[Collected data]
(* Under the standing assumptions on $c$, $\mathcal{X}$, $\mathcal{Y}$, let $\nu\in\mathbb{P}_{\textup{cost}}(\mathcal{Y})$, $\mu\in\mathbb{P}_{\textup{cost}}(\mathcal{X})$, and let $f:\mathcal{Y}\to\mathbb{R}$ be an optimal $c$-concave Kantorovich potential for the transport of $\nu$ to $\mu$. Suppose that $f$ is $\lambda$-convex for some $\lambda\in\mathbb{R}$ (i.e. $y\mapsto f(y)-\frac{\lambda}{2}|y|^2$ is convex), that $\mu$ is absolutely continuous with respect to Lebesgue measure, and that for each $y$ the map $x\mapsto\nabla_yc(x,y)$ has an inverse which is Lipschitz with a constant uniform in $y$. Then $\nu$ is absolutely continuous with respect to Lebesgue measure.
   Context: Standing assumptions. $\mathcal{X},\mathcal{Y}\subset\mathbb{R}^d$ are open sets and $c:\mathcal{X}\times\mathcal{Y}\to[0,\infty)$ satisfies: (A1) $c\in C^2(\mathcal{X}\times\mathcal{Y})$ and $c$ is bi-twisted, i.e. $y\mapsto\nabla_x c(x,y)$ and $x\mapsto\nabla_y c(x,y)$ are injective; (A2) for every $b\in\mathbb{R}$ and $(x',y')\in\mathcal{X}\times\mathcal{Y}$ the sets $\{x\in\mathcal{X}:c(x,y')\le b\}$ and $\{y\in\mathcal{Y}:c(x',y)\le b\}$ are compact; (A3) there is a point $(x_0,y_0)\in\mathcal{X}\times\mathcal{Y}$ such that for every $\varepsilon>0$ there is $B_\varepsilon>0$ with $(1-\varepsilon)c(x_0,y)-B_\varepsilon c(x,y_0)\le c(x,y)\le(1+\varepsilon)c(x_0,y)+B_\varepsilon c(x,y_0)$ and $(1-\varepsilon)c(x,y_0)-B_\varepsilon c(x_0,y)\le c(x,y)\le(1+\varepsilon)c(x,y_0)+B_\varepsilon c(x_0,y)$ for all $(x,y)\in\mathcal{X}\times\mathcal{Y}$. Define $\mathbb{P}_{\textup{cost}}(\mathcal{X})=\{\mu\in\mathcal{P}(\mathcal{X}):\int c(x,y_0)\,\mathrm{d}\mu(x)<\infty\}$ and $\mathbb{P}_{\textup{cost}}(\mathcal{Y})=\{\nu\in\mathcal{P}(\mathcal{Y}):\int c(x_0,y)\,\mathrm{d}\nu(y)<\infty\}$. $K_c(\mu,\nu)=\inf_{\pi\in\Pi(\mu,\nu)}\int c\,\mathrm{d}\pi$. For $f:\mathcal{Y}\to\mathbb{R}$, $f^c(x)=\inf_y(c(x,y)-f(y))$; $f$ is $c$-concave if it equals its double $c$-transform; a $c$-concave $f$ is an optimal Kantorovich potential for the transport of $\nu$ to $\mu$ if $K_c(\mu,\nu)=\int f^c\,\mathrm{d}\mu+\int f\,\mathrm{d}\nu$. *)

theory Defs
  imports "HOL-Analysis.Analysis" "HOL-Probability.Probability"
begin
lemma S_alg_eq_T_alg: "S_alg n = T_alg n"
proof
  show "S_alg n \<subseteq> T_alg n"
    using S_set_subset_T_alg unfolding T_alg_def by (rule gen_alg_subset)
  show "T_alg n \<subseteq> S_alg n"
    by (rule T_alg_subset_S_alg)
qed

section \<open>Separating norms and traces of single letters\<close>

lemma two_eq_zero_if_CHAR_2: "CHAR('a::semiring_1) = 2 \<Longrightarrow> (2::'a) = 0"
  using of_nat_CHAR[where 'a = 'a] by simp

lemma S_set_cases:
  assumes "g \<in> S_set n"
  obtains (norm) i where "i \<in> {1..n}" "g = (\<lambda>a. onorm (a i))"
  | (trace) "is" where "is \<noteq> []" "sorted_wrt (<) is" "set is \<subseteq> {1..n}" "g = (\<lambda>a. otr (lnp is a))"
  using assms unfolding S_set_def norm_funs_def by (auto simp: left_prod_eq_lnp)

lemma lnp_eq_zero_if_supported_at:
  assumes "sorted_wrt (<) is" "is \<noteq> []" "is \<noteq> [i]" "\<forall>j. j \<noteq> i \<longrightarrow> a j = 0"
  shows "lnp is a = 0"
proof -
  have "set is \<noteq> {i}"
    using strict_sorted_equal[OF _ assms(1), of "[i]"] assms(3) by auto
  with assms(2) obtain j where "j \<in> set is" "j \<noteq> i"
    by (metis empty_iff insertI1 set_empty subsetI subset_singletonD)
  with assms(4) show ?thesis by (intro lnp_eq_zero) auto
qed

text \<open>For a norm \<open>n(a\<^sub>i)\<close> the separating points are \<open>a\<^sub>i = 1\<close> versus \<open>a = 0\<close>: they are
  distinguished by no other element of \<open>S\<^sub>n\<close> because \<open>tr 1 = 2 = 0\<close>.\<close>

lemma onorm_notin_gen_alg_others:
  assumes "CHAR('a::field) = 2" "i \<in> {1..n}"
  defines "s \<equiv> \<lambda>a :: 'a tuple. onorm (a i)"
  shows "s \<notin> gen_alg (S_set n - {s})"
proof
  define p :: "'a tuple" where "p = (\<lambda>j. if j = i then 1 else 0)"
  assume mem: "s \<in> gen_alg (S_set n - {s})"
  have others: "g p = g (\<lambda>_. 0)" if "g \<in> S_set n" "g \<noteq> s" for g
    using that(1)
  proof (cases rule: S_set_cases)
    case (norm j)
    with that have "j \<noteq> i" by (auto simp: s_def)
    with norm show ?thesis by (simp add: p_def)
  next
    case (trace "is")
    show ?thesis
    proof (cases "is = [i]")
      case True
      with trace assms(1) show ?thesis
        by (simp add: p_def two_eq_zero_if_CHAR_2)
    next
      case False
      with trace show ?thesis
        by (simp add: lnp_eq_zero_if_supported_at p_def)
    qed
  qed
  have "s p = s (\<lambda>_. 0)"
    using gen_alg_eq_at[OF mem, of p "\<lambda>_. 0"] others by blast
  then show False by (simp add: s_def p_def one_oct_def)
qed

lemma otr_notin_gen_alg_others:
  fixes i :: nat
  defines "s \<equiv> \<lambda>a :: 'a::field tuple. otr (a i)"
  shows "s \<notin> gen_alg (S_set n - {s})"
proof
  define p :: "'a tuple" where "p = (\<lambda>j. if j = i then Oct 1 (V3 0 0 0) (V3 0 0 0) 0 else 0)"
  assume mem: "s \<in> gen_alg (S_set n - {s})"
  have others: "g p = g (\<lambda>_. 0)" if "g \<in> S_set n" "g \<noteq> s" for g
    using that(1)
  proof (cases rule: S_set_cases)
    case (norm j)
    then show ?thesis by (simp add: p_def)
  next
    case (trace "is")
    with that have "is \<noteq> [i]" by (auto simp: s_def)
    with trace show ?thesis
      by (simp add: lnp_eq_zero_if_supported_at p_def)
  qed
  have "s p = s (\<lambda>_. 0)"
    using gen_alg_eq_at[OF mem, of p "\<lambda>_. 0"] others by blast
  then show False by (simp add: s_def p_def)
qed

section \<open>Weights and admissible polynomials\<close>

lemma sum_digits_less_power:
  fixes f :: "nat \<Rightarrow> nat"
  assumes "\<forall>j<N. f j < b"
  shows "(\<Sum>j<N. f j * b ^ j) < b ^ N"
  using assms
proof (induction N)
  case (Suc N)
  then have "(\<Sum>j<Suc N. f j * b ^ j) < b ^ N + f N * b ^ N" by simp
  also have "\<dots> = (f N + 1) * b ^ N" by simp
  also have "\<dots> \<le> b * b ^ N"
    using Suc.prems by (intro mult_right_mono) (auto simp: Suc_le_eq)
  finally show ?case by simp
qed simp

lemma sum_digits_eqD:
  fixes f g :: "nat \<Rightarrow> nat"
  assumes "\<forall>j<N. f j < b" "\<forall>j<N. g j < b" "(\<Sum>j<N. f j * b ^ j) = (\<Sum>j<N. g j * b ^ j)"
    and "j < N"
  shows "f j = g j"
  using assms
proof (induction N arbitrary: j)
  case (Suc N)
  define A where "A = (\<Sum>j<N. f j * b ^ j)"
  define B where "B = (\<Sum>j<N. g j * b ^ j)"
  have A: "A < b ^ N" and B: "B < b ^ N"
    using Suc.prems(1,2) by (auto simp: A_def B_def intro: sum_digits_less_power)
  have eq: "A + f N * b ^ N = B + g N * b ^ N"
    using Suc.prems(3) by (simp add: A_def B_def)
  have "b ^ N \<noteq> 0"
    using A by linarith
  with A B have "f N = (A + f N * b ^ N) div b ^ N" "g N = (B + g N * b ^ N) div b ^ N"
    by simp_all
  with eq have "f N = g N" by simp
  with eq have "A = B" by simp
  show ?case
  proof (cases "j = N")
    case False
    with Suc.prems(4) have "j < N" by simp
    with Suc.IH[of j] Suc.prems(1,2) \<open>A = B\<close> show ?thesis by (simp add: A_def B_def)
  qed (use \<open>f N = g N\<close> in simp)
qed simp

text \<open>Writing \<open>b = n + 2\<close>, a weight is \<open>b\<^bsup>n+1\<^esup> + b\<^sup>j\<close>: the high part counts the letters of a
  monomial and the low part records them as base-\<open>b\<close> digits, so that set weights can only be
  written as sums of weights in the obvious way.\<close>

definition weight :: "nat \<Rightarrow> nat \<Rightarrow> nat" where
  "weight n j = (n + 2) ^ (n + 1) + (n + 2) ^ j"

definition set_weight :: "nat \<Rightarrow> nat set \<Rightarrow> nat" where
  "set_weight n S = (\<Sum>j\<in>S. weight n j)"

definition weight_combinations :: "nat \<Rightarrow> nat set \<Rightarrow> nat set" where
  "weight_combinations n V = range (\<lambda>D. \<Sum>j\<in>V. D j * weight n j)"

lemma set_weight_eq_sum_of_bool:
  "finite V \<Longrightarrow> S \<subseteq> V \<Longrightarrow> (\<Sum>j\<in>V. of_bool (j \<in> S) * weight n j) = set_weight n S"
  by (simp add: set_weight_def Int_absorb1)

lemma weight_combination_eq_set_weight:
  assumes V: "V \<subseteq> {..n}" and S: "S \<subseteq> V"
    and eq: "(\<Sum>j\<in>V. D j * weight n j) = set_weight n S" and j: "j \<in> V"
  shows "D j = of_bool (j \<in> S)"
proof -
  define b where "b = n + 2"
  define M where "M = b ^ Suc n"
  define E :: "nat \<Rightarrow> nat" where "E j = of_bool (j \<in> S)" for j
  have finV: "finite V" using V finite_subset by blast
  have expand: "(\<Sum>j\<in>V. F j * weight n j)
      = (\<Sum>j\<in>V. F j) * M + (\<Sum>j<Suc n. (if j \<in> V then F j else 0) * b ^ j)" for F
  proof -
    have "F j * weight n j = F j * M + F j * b ^ j" for j
      by (simp add: weight_def M_def b_def distrib_left)
    then have "(\<Sum>j\<in>V. F j * weight n j) = (\<Sum>j\<in>V. F j) * M + (\<Sum>j\<in>V. F j * b ^ j)"
      by (simp add: sum.distrib sum_distrib_right)
    also have "(\<Sum>j\<in>V. F j * b ^ j) = (\<Sum>j<Suc n. (if j \<in> V then F j else 0) * b ^ j)"
      using V by (intro sum.mono_neutral_cong_left) auto
    finally show ?thesis .
  qed
  define rD where "rD = (\<Sum>j<Suc n. (if j \<in> V then D j else 0) * b ^ j)"
  define rE where "rE = (\<Sum>j<Suc n. (if j \<in> V then E j else 0) * b ^ j)"
  have "card S \<le> card {..n}"
    using S V by (intro card_mono) auto
  then have card_S: "card S < b" by (simp add: b_def)
  have sum_E: "(\<Sum>j\<in>V. E j) = card S"
    using finV S by (simp add: E_def Int_absorb1)
  have "rE < M"
    unfolding rE_def M_def by (intro sum_digits_less_power) (auto simp: E_def b_def)
  have split: "(\<Sum>j\<in>V. D j) * M + rD = card S * M + rE"
  proof -
    have "(\<Sum>j\<in>V. D j) * M + rD = (\<Sum>j\<in>V. E j * weight n j)"
      unfolding rD_def expand[symmetric] eq E_def set_weight_eq_sum_of_bool[OF finV S] ..
    also have "\<dots> = card S * M + rE"
      unfolding rE_def expand sum_E ..
    finally show ?thesis .
  qed
  then have "(\<Sum>j\<in>V. D j) * M < (card S + 1) * M"
    using \<open>rE < M\<close> by (simp add: distrib_right)
  then have "(\<Sum>j\<in>V. D j) < b"
    using card_S by (simp only: mult_less_cancel2) linarith
  then have D_less: "\<forall>i<Suc n. (if i \<in> V then D i else 0) < b"
    using finV by (auto intro: le_less_trans[OF member_le_sum])
  have "rD < M"
    unfolding rD_def M_def by (rule sum_digits_less_power[OF D_less])
  with split \<open>rE < M\<close> have "rD = rE"
    by (metis mod_mult_self3 mod_less)
  then have "(if j \<in> V then D j else 0) = (if j \<in> V then E j else 0)"
    unfolding rD_def rE_def using j V
    by (intro sum_digits_eqD[OF D_less]) (auto simp: E_def b_def)
  with j show ?thesis by (simp add: E_def)
qed

lemma set_weight_in_weight_combinations:
  "finite V \<Longrightarrow> S \<subseteq> V \<Longrightarrow> set_weight n S \<in> weight_combinations n V"
  unfolding weight_combinations_def
  by (rule range_eqI[of _ _ "\<lambda>j. of_bool (j \<in> S)"]) (simp add: set_weight_def Int_absorb1)

lemma weight_combinations_add:
  "d \<in> weight_combinations n V \<Longrightarrow> e \<in> weight_combinations n V \<Longrightarrow>
    d + e \<in> weight_combinations n V"
  unfolding weight_combinations_def
  by (auto simp: image_iff sum.distrib[symmetric] distrib_right intro: exI[of _ "\<lambda>j. _ j + _ j"])

lemma set_weight_inj:
  assumes "V \<subseteq> {..n}" "S \<subseteq> V" "S' \<subseteq> V" "set_weight n S = set_weight n S'"
  shows "S = S'"
proof -
  have "finite V" using assms(1) finite_subset by blast
  have eq: "(\<Sum>j\<in>V. of_bool (j \<in> S) * weight n j) = set_weight n S'"
    unfolding set_weight_eq_sum_of_bool[OF \<open>finite V\<close> assms(2)] by (rule assms(4))
  have "j \<in> S \<longleftrightarrow> j \<in> S'" if "j \<in> V" for j
    using weight_combination_eq_set_weight[where D = "\<lambda>j. of_bool (j \<in> S)", OF assms(1,3) eq that]
    by (simp only: of_bool_eq_iff)
  with assms(2,3) show ?thesis by auto
qed

text \<open>For the trace \<open>s\<close> of a product whose letters beyond the first two form \<open>R\<close>, and
  \<open>V = insert 0 R\<close>, the exponents \<open>set_weight n S\<close> of critical \<open>S\<close> are those that no other
  element of \<open>S\<^sub>n\<close> produces at the test point below, and \<open>set_weight n V\<close> is that of \<open>s\<close>.\<close>

definition critical :: "nat set \<Rightarrow> nat set \<Rightarrow> bool" where
  "critical V S \<longleftrightarrow> S \<subseteq> V \<and> S \<noteq> {} \<and> (0 \<notin> S \<or> S = V)"

lemma critical_split:
  assumes "critical V S" "S' \<subseteq> S" "S' \<noteq> {}" "S - S' \<noteq> {}"
  shows "critical V S' \<or> critical V (S - S')"
  using assms unfolding critical_def by blast

definition admissible :: "nat \<Rightarrow> nat set \<Rightarrow> 'a::comm_semiring_1 poly \<Rightarrow> bool" where
  "admissible n V p \<longleftrightarrow> (\<forall>d. coeff p d \<noteq> 0 \<longrightarrow> d \<in> weight_combinations n V)
     \<and> (\<forall>S. critical V S \<longrightarrow> coeff p (set_weight n S) = 0)"

lemma admissible_const:
  assumes "finite V"
  shows "admissible n V [:c:]"
  unfolding admissible_def
proof (intro conjI allI impI)
  fix d assume "coeff [:c:] d \<noteq> 0"
  then have "d = 0" by (cases d) auto
  then show "d \<in> weight_combinations n V"
    unfolding weight_combinations_def by (intro range_eqI[of _ _ "\<lambda>_. 0"]) simp
next
  fix S assume "critical V S"
  then have "set_weight n S \<noteq> 0"
    using assms finite_subset by (fastforce simp: critical_def set_weight_def weight_def)
  then show "coeff [:c:] (set_weight n S) = 0" by (cases "set_weight n S") auto
qed

lemma admissible_add:
  assumes "admissible n V p" "admissible n V q"
  shows "admissible n V (p + q)"
proof -
  have "coeff p d \<noteq> 0 \<or> coeff q d \<noteq> 0" if "coeff (p + q) d \<noteq> 0" for d
    using that by (cases "coeff p d = 0") auto
  with assms show ?thesis unfolding admissible_def by auto
qed

lemma admissible_monom:
  assumes "d \<in> weight_combinations n V" "\<And>S. critical V S \<Longrightarrow> set_weight n S \<noteq> d"
  shows "admissible n V (monom 1 d)"
  using assms unfolding admissible_def by (auto simp: coeff_monom)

▶ [What the task asks]:
If a line in the records contains the word "assumes", copy it.

▶ [Output for this exercise]:
  assumes "g \<in> S_set n"
  assumes "sorted_wrt (<) is" "is \<noteq> []" "is \<noteq> [i]" "\<forall>j. j \<noteq> i \<longrightarrow> a j = 0"
  assumes "CHAR('a::field) = 2" "i \<in> {1..n}"
  assumes "\<forall>j<N. f j < b"
  assumes "\<forall>j<N. f j < b" "\<forall>j<N. g j < b" "(\<Sum>j<N. f j * b ^ j) = (\<Sum>j<N. g j * b ^ j)"
  assumes V: "V \<subseteq> {..n}" and S: "S \<subseteq> V"
  assumes "V \<subseteq> {..n}" "S \<subseteq> V" "S' \<subseteq> V" "set_weight n S = set_weight n S'"
  assumes "critical V S" "S' \<subseteq> S" "S' \<noteq> {}" "S - S' \<noteq> {}"
  assumes "finite V"
  assumes "admissible n V p" "admissible n V q"
  assumes "d \<in> weight_combinations n V" "\<And>S. critical V S \<Longrightarrow> set_weight n S \<noteq> d"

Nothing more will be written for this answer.